Иногда меня так и подмывало спросить его: ну, как там тебя, сильнейший и мудрейший, ты, решившийся на эксперимент — на такой эксперимент! — над своей драгоценной особой — установил ли ты, наконец, нужно ли ЭТО человечеству? Хотя что там человечеству — тебе самому? Да, да, тебе, лиловый бегемот, краса и гордость земной аккумулятопатологии? Ну, что тебе дало это? Что изменило оно в твоей жизни? Ведь если бы ты и не знал ничего, ты все равно дрожал бы над каждой своей минуткой, и все равно ты торчал бы здесь, потому что только тут тебе обеспечен идеальный для здоровья климат и вполне устраивающая тебя работа. И все равно ты отравлял бы существование всем нормальным людям, и все равно тебе было бы плевать на этих остальных людей. Так зачем, зачем тебе это Знание?

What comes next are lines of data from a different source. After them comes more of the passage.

(* Let $S$ be a polynomial ring over a field $k$, let $x$ be a variable of $S$, and let $R = S/(x)$, identified with the polynomial ring in the remaining variables. Let $I$ be a squarefree monomial ideal in $S$ and let $xF_1, \ldots, xF_n$ be the minimal monomial generators of $I$ divisible by $x$. Let $H = (I:x)/I$, regarded as an $R$-module, with generators the images of $F_1,\dots,F_n$. Let $N$ be the block diagonal matrix whose $i$-th block is the row matrix consisting of the minimal monomial generators of $I:F_i$ (over $R$), and let $P$ be the matrix whose columns are the minimal syzygies of the ideal $(F_1,\ldots,F_n)$ of $R$. Then the block matrix $M = (N \mid P)$ is a presentation matrix for $H$ (with respect to the surjection $R^n \to H$ sending the $i$-th basis vector to the class of $F_i$).
   Context: A presentation matrix for an $R$-module $H$ with respect to a surjection $R^n \to H$ is a matrix whose columns generate the kernel of that surjection. *)

theory Defs
  imports "HOL-Library.Poly_Mapping"
begin

text \<open>Polynomial ring k[variables 'v]: polynomials are finitely supported maps from
monomials (exponent vectors 'v =>0 nat) to coefficients in k.\<close>

type_synonym ('v, 'k) mpoly = "('v \<Rightarrow>\<^sub>0 nat) \<Rightarrow>\<^sub>0 'k"

definition mono :: "('v \<Rightarrow>\<^sub>0 nat) \<Rightarrow> ('v, 'k::field) mpoly" where
  "mono m = Poly_Mapping.single m 1"

definition mdvd :: "('v \<Rightarrow>\<^sub>0 nat) \<Rightarrow> ('v \<Rightarrow>\<^sub>0 nat) \<Rightarrow> bool" where
  "mdvd m m' \<longleftrightarrow> (\<forall>v. Poly_Mapping.lookup m v \<le> Poly_Mapping.lookup m' v)"

definition sqfree_mono :: "('v \<Rightarrow>\<^sub>0 nat) \<Rightarrow> bool" where
  "sqfree_mono m \<longleftrightarrow> (\<forall>v. Poly_Mapping.lookup m v \<le> 1)"

definition gen_ideal :: "'a::comm_ring_1 set \<Rightarrow> 'a set" where
  "gen_ideal A = {\<Sum>a\<in>F. c a * a | F c. finite F \<and> F \<subseteq> A}"

definition colon :: "'a::comm_ring_1 set \<Rightarrow> 'a \<Rightarrow> 'a set" where
  "colon I f = {p. p * f \<in> I}"

definition monos_in :: "('v, 'k::field) mpoly set \<Rightarrow> ('v \<Rightarrow>\<^sub>0 nat) set" where
  "monos_in A = {m. mono m \<in> A}"

definition mingens :: "('v, 'k::field) mpoly set \<Rightarrow> ('v \<Rightarrow>\<^sub>0 nat) set" where
  "mingens A = {m \<in> monos_in A. \<forall>m'\<in>monos_in A. mdvd m' m \<longrightarrow> m' = m}"

definition squarefree_monomial_ideal :: "('v, 'k::field) mpoly set \<Rightarrow> bool" where
  "squarefree_monomial_ideal I \<longleftrightarrow>
     (\<exists>G. finite G \<and> (\<forall>m\<in>G. sqfree_mono m) \<and> I = gen_ideal (mono ` G))"

text \<open>R = S/(x) identified with the subring of polynomials not involving x\<close>
definition subring_without :: "'v \<Rightarrow> ('v, 'k::field) mpoly set" where
  "subring_without x = {p. \<forall>m \<in> Poly_Mapping.keys p. Poly_Mapping.lookup m x = 0}"

text \<open>free module R^n: vectors nat => S with entries in R, zero beyond n\<close>
definition freemod :: "('v, 'k::field) mpoly set \<Rightarrow> nat \<Rightarrow> (nat \<Rightarrow> ('v, 'k) mpoly) set" where
  "freemod R n = {r. (\<forall>i<n. r i \<in> R) \<and> (\<forall>i\<ge>n. r i = 0)}"

definition rspan :: "'a::comm_ring_1 set \<Rightarrow> (nat \<Rightarrow> 'a) set \<Rightarrow> (nat \<Rightarrow> 'a) set" where
  "rspan R C = {(\<lambda>i. \<Sum>c\<in>F. a c * c i) | F a. finite F \<and> F \<subseteq> C \<and> (\<forall>c\<in>F. a c \<in> R)}"

text \<open>the surjection R^n -> H = (I:x)/I, e_i |-> class of F_i, represented by a lift to S\<close>
definition lincomb :: "nat \<Rightarrow> (nat \<Rightarrow> 'a::comm_ring_1) \<Rightarrow> (nat \<Rightarrow> 'a) \<Rightarrow> 'a" where
  "lincomb n f r = (\<Sum>i<n. r i * f i)"

end

theory Submission
  imports Defs "HOL.Modules"
begin

text \<open>
  Since \<open>I\<close> is a monomial ideal, membership in \<open>I\<close> can be tested term by term, so
  both claims reduce to monomials.

  Surjectivity: let \<open>u\<close> be a monomial with \<open>u x \<in> I\<close> but \<open>u \<notin> I\<close>. As the generators
  are squarefree, \<open>u\<close> does not involve \<open>x\<close>, and a minimal generator dividing \<open>u x\<close>
  must involve \<open>x\<close>; so it is some \<open>x F\<^sub>i\<close>, and \<open>u\<close> is an \<open>R\<close>-multiple of \<open>F\<^sub>i\<close>.

  Kernel: given \<open>r \<in> R\<^sup>n\<close> with \<open>\<Sum> r\<^sub>i F\<^sub>i \<in> I\<close>, split each \<open>r\<^sub>i\<close> into the terms \<open>u\<close>
  with \<open>u F\<^sub>i \<in> I\<close> and the rest. The former are multiples of minimal monomials of
  \<open>(I : F\<^sub>i) \<inter> R\<close>, i.e. combinations of columns of \<open>N\<close>. The latter contribute only
  monomials outside \<open>I\<close> to \<open>\<Sum> r\<^sub>i F\<^sub>i\<close>, so their contribution, which lies in \<open>I\<close>,
  vanishes: they form a syzygy, a combination of columns of \<open>P\<close>.
\<close>

lemma module_mult: "module ((*) :: 'a::comm_ring_1 \<Rightarrow> 'a \<Rightarrow> 'a)"
  by unfold_locales (simp_all add: algebra_simps)

lemma gen_ideal_eq_span: "gen_ideal A = module.span (*) A"
  by (simp add: gen_ideal_def module.span_explicit[OF module_mult])

lemmas gen_ideal_0 = module.span_zero[OF module_mult, folded gen_ideal_eq_span]
  and gen_ideal_base = module.span_base[OF module_mult, folded gen_ideal_eq_span]
  and gen_ideal_mult = module.span_scale[OF module_mult, folded gen_ideal_eq_span]
  and gen_ideal_add = module.span_add[OF module_mult, folded gen_ideal_eq_span]
  and gen_ideal_diff = module.span_diff[OF module_mult, folded gen_ideal_eq_span]
  and gen_ideal_sum = module.span_sum[OF module_mult, folded gen_ideal_eq_span]

lemma sum_in_add_closed:
  assumes "0 \<in> A" and "\<And>a b. a \<in> A \<Longrightarrow> b \<in> A \<Longrightarrow> a + b \<in> A"
    and "\<And>k. k \<in> K \<Longrightarrow> f k \<in> A"
  shows "sum f K \<in> A"
  using assms(3) by (induction K rule: infinite_finite_induct) (auto intro: assms(1,2))

definition unit_vec :: "nat \<Rightarrow> 'a::zero \<Rightarrow> nat \<Rightarrow> 'a" where
  "unit_vec i c = (\<lambda>j. if j = i then c else 0)"

lemma unit_vec_scale: "(\<lambda>j. a * unit_vec i c j) = unit_vec i (a * c :: 'a::mult_zero)"
  by (simp add: unit_vec_def fun_eq_iff)

lemma unit_vec_sum: "unit_vec i (sum f A) = (\<lambda>j. \<Sum>a\<in>A. unit_vec i (f a) j)"
  by (auto simp: unit_vec_def)

lemma vec_eq_sum_unit_vec:
  assumes "\<forall>i\<ge>n. r i = 0"
  shows "r = (\<lambda>j. \<Sum>i<n. unit_vec i (r i) j)"
  using assms by (auto simp: unit_vec_def)

lemma lincomb_add: "lincomb n f (\<lambda>i. r i + s i) = lincomb n f r + lincomb n f s"
  by (simp add: lincomb_def distrib_right sum.distrib)

lemma lincomb_scale: "lincomb n f (\<lambda>i. a * r i) = a * lincomb n f r"
  by (simp add: lincomb_def sum_distrib_left mult.assoc)

lemma lincomb_unit_vec: "i < n \<Longrightarrow> lincomb n f (unit_vec i c) = c * f i"
  by (simp add: lincomb_def unit_vec_def if_distrib[of "\<lambda>a. a * _"] cong: if_cong)

locale subring =
  fixes R :: "'a::comm_ring_1 set"
  assumes zero_mem: "0 \<in> R" and one_mem: "1 \<in> R"
    and add_mem: "a \<in> R \<Longrightarrow> b \<in> R \<Longrightarrow> a + b \<in> R"
    and mult_mem: "a \<in> R \<Longrightarrow> b \<in> R \<Longrightarrow> a * b \<in> R"
begin

lemma rspan_zero: "(\<lambda>i. 0) \<in> rspan R C"
  unfolding rspan_def by (auto intro!: exI[of _ "{}"])

lemma rspan_base: "c \<in> C \<Longrightarrow> c \<in> rspan R C"
  unfolding rspan_def using one_mem by (auto intro!: exI[of _ "{c}"] exI[of _ "\<lambda>_. 1"])

lemma rspan_scale:
  assumes "a \<in> R" and "u \<in> rspan R C"
  shows "(\<lambda>i. a * u i) \<in> rspan R C"
proof -
  obtain F b where u: "u = (\<lambda>i. \<Sum>c\<in>F. b c * c i)" "finite F" "F \<subseteq> C" "\<forall>c\<in>F. b c \<in> R"
    using assms(2) unfolding rspan_def by blast
  have "(\<lambda>i. a * u i) = (\<lambda>i. \<Sum>c\<in>F. (a * b c) * c i)"
    unfolding u by (simp add: sum_distrib_left mult.assoc)
  then show ?thesis
    using u assms(1) mult_mem unfolding rspan_def by (auto intro!: exI[of _ F])
qed

lemma rspan_add:
  assumes "u \<in> rspan R C" and "w \<in> rspan R C"
  shows "(\<lambda>i. u i + w i) \<in> rspan R C"
proof -
  obtain F1 a1 F2 a2
    where u: "u = (\<lambda>i. \<Sum>c\<in>F1. a1 c * c i)" "finite F1" "F1 \<subseteq> C" "\<forall>c\<in>F1. a1 c \<in> R"
      and w: "w = (\<lambda>i. \<Sum>c\<in>F2. a2 c * c i)" "finite F2" "F2 \<subseteq> C" "\<forall>c\<in>F2. a2 c \<in> R"
    using assms unfolding rspan_def by blast
  define a where "a c = (if c \<in> F1 then a1 c else 0) + (if c \<in> F2 then a2 c else 0)" for c
  have "(\<Sum>c\<in>F1 \<union> F2. a c * c i) = (\<Sum>c\<in>F1 \<union> F2. if c \<in> F1 then a1 c * c i else 0)
      + (\<Sum>c\<in>F1 \<union> F2. if c \<in> F2 then a2 c * c i else 0)" for i
    unfolding sum.distrib[symmetric] by (rule sum.cong) (auto simp: a_def distrib_right)
  also have "\<dots> i = u i + w i" for i
    using u w by (simp add: sum.inter_restrict[symmetric] Int_absorb1 Int_absorb2 Int_commute)
  finally have "(\<lambda>i. u i + w i) = (\<lambda>i. \<Sum>c\<in>F1 \<union> F2. a c * c i)"
    by simp
  moreover have "\<forall>c\<in>F1 \<union> F2. a c \<in> R"
    using u w by (auto simp: a_def intro!: add_mem zero_mem)
  ultimately show ?thesis
    using u w unfolding rspan_def by (auto intro!: exI[of _ "F1 \<union> F2"] exI[of _ a])
qed

lemma rspan_mono: "C \<subseteq> D \<Longrightarrow> rspan R C \<subseteq> rspan R D"
  unfolding rspan_def by blast

lemma rspan_sum:
  "(\<And>k. k \<in> K \<Longrightarrow> f k \<in> rspan R C) \<Longrightarrow> (\<lambda>i. \<Sum>k\<in>K. f k i) \<in> rspan R C"
  by (induction K rule: infinite_finite_induct) (auto intro: rspan_zero rspan_add)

Тянулся пятидесятый, шестидесятый, сотый день мая, и я с каждым днем тупел все больше и больше и радовался этому той безысходной радостью, с которой человек, пытаемый в застенке, теряет сознание. Иногда, чтобы привести себя в рабочее состояние, я говорил: рано или поздно, но Егерхауэн кончится. И что тогда? Хижина? Но я понимал, что после исчезновения Саны я не смогу прийти туда, если совесть моя не будет абсолютно чиста. Как не чиста она сейчас. Но пока еще есть время, я должен расплатиться с Саной за все, что было и что могло бы быть между нами. Ведь и сейчас мы могли бы быть с ней счастливы, мы могли бы по-прежнему любить друг друга. Виноват ли во всем проклятый «Овератор»? Первое время я был в этом уверен. Но не все ли равно, кто виноват. Главное, что любовь уходила, и если бы Сана каким-то чудом пережила этот год, не знаю, смог ли бы я остаться с ней или нет. Но я должен был ее потерять, и поэтому платил вперед за то, чего никогда уже не будет. Я запутался во всех этих рассуждениях, и подчас мне казалось, что я просто холодно отсчитываю камешки, как девочки на пляжах: я теряю этот день… и этот… и белые камешки звонко чокают, ударяясь друг о друга и по-лягушечьи упрыгивая в песок.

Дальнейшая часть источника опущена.